- Work to be completed: What lines below hold the string "shows"? Copy them all.

Records from a data collection:

_ _ _ _ _

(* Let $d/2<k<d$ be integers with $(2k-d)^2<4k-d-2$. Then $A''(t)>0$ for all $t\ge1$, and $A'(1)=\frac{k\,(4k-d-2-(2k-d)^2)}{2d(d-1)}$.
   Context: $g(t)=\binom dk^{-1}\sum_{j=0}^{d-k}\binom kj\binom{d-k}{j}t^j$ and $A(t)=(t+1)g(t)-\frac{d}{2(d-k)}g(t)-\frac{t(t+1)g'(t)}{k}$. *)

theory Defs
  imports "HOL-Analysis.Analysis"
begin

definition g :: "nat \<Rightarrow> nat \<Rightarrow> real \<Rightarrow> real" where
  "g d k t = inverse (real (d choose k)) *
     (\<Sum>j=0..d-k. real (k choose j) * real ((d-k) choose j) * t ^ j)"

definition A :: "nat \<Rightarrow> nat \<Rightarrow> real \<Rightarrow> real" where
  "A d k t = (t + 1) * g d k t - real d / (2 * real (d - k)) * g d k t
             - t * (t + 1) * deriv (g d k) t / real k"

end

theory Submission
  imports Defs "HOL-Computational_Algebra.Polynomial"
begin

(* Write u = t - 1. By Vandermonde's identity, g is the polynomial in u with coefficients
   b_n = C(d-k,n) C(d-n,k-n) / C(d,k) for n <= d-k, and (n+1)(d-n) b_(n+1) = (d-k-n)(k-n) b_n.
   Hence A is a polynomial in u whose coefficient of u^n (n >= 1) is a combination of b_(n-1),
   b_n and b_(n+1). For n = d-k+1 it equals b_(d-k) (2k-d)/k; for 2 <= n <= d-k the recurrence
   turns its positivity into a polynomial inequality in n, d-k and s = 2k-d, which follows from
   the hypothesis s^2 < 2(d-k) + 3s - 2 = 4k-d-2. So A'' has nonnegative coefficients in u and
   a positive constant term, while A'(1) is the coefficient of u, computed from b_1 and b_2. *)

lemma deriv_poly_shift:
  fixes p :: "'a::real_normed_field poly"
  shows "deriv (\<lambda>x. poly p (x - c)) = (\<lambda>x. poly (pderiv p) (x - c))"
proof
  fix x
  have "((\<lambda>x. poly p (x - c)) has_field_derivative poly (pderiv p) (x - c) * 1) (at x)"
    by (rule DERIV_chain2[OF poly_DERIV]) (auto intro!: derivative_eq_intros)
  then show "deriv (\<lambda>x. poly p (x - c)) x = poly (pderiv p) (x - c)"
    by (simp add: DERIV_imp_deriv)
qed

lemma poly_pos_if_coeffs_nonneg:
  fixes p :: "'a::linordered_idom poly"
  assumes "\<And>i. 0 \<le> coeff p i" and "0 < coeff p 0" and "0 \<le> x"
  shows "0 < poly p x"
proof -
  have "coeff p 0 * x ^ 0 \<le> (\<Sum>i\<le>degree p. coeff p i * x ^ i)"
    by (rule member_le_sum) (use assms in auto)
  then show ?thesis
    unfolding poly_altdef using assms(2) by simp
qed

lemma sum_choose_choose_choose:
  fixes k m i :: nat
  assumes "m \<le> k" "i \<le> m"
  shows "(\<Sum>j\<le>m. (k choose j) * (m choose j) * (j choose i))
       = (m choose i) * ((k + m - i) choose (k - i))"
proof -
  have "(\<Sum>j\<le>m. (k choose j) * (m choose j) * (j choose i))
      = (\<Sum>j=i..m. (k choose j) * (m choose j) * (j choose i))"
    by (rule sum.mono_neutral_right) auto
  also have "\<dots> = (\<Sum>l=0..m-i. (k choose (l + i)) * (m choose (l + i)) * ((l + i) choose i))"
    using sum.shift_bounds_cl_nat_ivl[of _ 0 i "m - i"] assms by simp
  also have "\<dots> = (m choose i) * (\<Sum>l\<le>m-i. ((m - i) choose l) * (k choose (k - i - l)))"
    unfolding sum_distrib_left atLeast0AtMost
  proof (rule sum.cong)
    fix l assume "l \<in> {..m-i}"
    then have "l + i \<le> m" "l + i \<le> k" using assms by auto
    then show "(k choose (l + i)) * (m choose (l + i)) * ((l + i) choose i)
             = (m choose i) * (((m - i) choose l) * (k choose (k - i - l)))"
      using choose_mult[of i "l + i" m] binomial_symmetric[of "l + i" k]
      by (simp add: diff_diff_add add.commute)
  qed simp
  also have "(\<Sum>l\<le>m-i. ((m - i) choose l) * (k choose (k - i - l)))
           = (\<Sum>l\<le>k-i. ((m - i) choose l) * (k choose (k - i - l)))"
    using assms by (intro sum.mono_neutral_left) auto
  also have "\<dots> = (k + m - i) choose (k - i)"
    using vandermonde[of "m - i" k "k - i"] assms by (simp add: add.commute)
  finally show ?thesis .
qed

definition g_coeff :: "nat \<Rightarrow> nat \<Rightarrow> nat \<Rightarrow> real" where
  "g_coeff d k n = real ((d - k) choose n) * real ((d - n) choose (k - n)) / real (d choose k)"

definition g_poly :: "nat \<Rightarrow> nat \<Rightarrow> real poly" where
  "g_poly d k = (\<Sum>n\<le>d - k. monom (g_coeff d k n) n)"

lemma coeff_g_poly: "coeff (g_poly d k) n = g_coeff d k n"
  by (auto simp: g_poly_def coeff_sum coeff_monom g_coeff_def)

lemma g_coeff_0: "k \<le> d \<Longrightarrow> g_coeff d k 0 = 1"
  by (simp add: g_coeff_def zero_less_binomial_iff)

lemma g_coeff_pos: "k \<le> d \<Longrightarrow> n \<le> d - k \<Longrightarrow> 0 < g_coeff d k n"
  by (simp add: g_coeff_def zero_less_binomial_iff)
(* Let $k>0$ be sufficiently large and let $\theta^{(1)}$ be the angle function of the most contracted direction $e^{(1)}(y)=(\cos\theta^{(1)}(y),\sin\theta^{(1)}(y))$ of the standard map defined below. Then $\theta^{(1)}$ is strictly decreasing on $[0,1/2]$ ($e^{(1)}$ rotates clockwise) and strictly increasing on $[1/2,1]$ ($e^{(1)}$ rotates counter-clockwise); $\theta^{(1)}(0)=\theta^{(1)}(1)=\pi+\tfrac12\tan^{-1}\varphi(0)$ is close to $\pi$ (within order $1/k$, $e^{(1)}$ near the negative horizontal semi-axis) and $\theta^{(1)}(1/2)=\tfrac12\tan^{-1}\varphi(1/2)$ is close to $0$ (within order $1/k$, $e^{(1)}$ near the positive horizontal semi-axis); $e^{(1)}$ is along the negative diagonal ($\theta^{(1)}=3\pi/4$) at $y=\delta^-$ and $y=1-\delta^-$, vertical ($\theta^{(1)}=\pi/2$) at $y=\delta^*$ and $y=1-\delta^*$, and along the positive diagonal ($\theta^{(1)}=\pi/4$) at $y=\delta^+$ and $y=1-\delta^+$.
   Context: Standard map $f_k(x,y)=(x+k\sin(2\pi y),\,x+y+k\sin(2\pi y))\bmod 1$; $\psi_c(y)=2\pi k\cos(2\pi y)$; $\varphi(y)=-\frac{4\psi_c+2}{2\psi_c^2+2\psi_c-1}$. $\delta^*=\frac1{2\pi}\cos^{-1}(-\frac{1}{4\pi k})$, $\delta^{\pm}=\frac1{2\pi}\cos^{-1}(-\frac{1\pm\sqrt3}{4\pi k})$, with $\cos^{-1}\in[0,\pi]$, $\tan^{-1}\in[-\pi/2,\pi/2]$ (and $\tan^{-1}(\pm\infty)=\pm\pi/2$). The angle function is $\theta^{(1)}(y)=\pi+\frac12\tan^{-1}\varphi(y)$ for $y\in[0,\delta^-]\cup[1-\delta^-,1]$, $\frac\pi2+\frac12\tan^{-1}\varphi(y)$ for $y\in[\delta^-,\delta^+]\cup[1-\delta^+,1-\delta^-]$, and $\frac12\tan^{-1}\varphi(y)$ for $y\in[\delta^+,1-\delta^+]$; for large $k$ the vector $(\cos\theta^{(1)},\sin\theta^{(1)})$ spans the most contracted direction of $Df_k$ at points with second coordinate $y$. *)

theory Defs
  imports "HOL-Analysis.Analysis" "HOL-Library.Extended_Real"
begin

_ _ _ _ _

- Exercise result:
  shows "deriv (\<lambda>x. poly p (x - c)) = (\<lambda>x. poly (pderiv p) (x - c))"
  shows "0 < poly p x"
  shows "(\<Sum>j\<le>m. (k choose j) * (m choose j) * (j choose i))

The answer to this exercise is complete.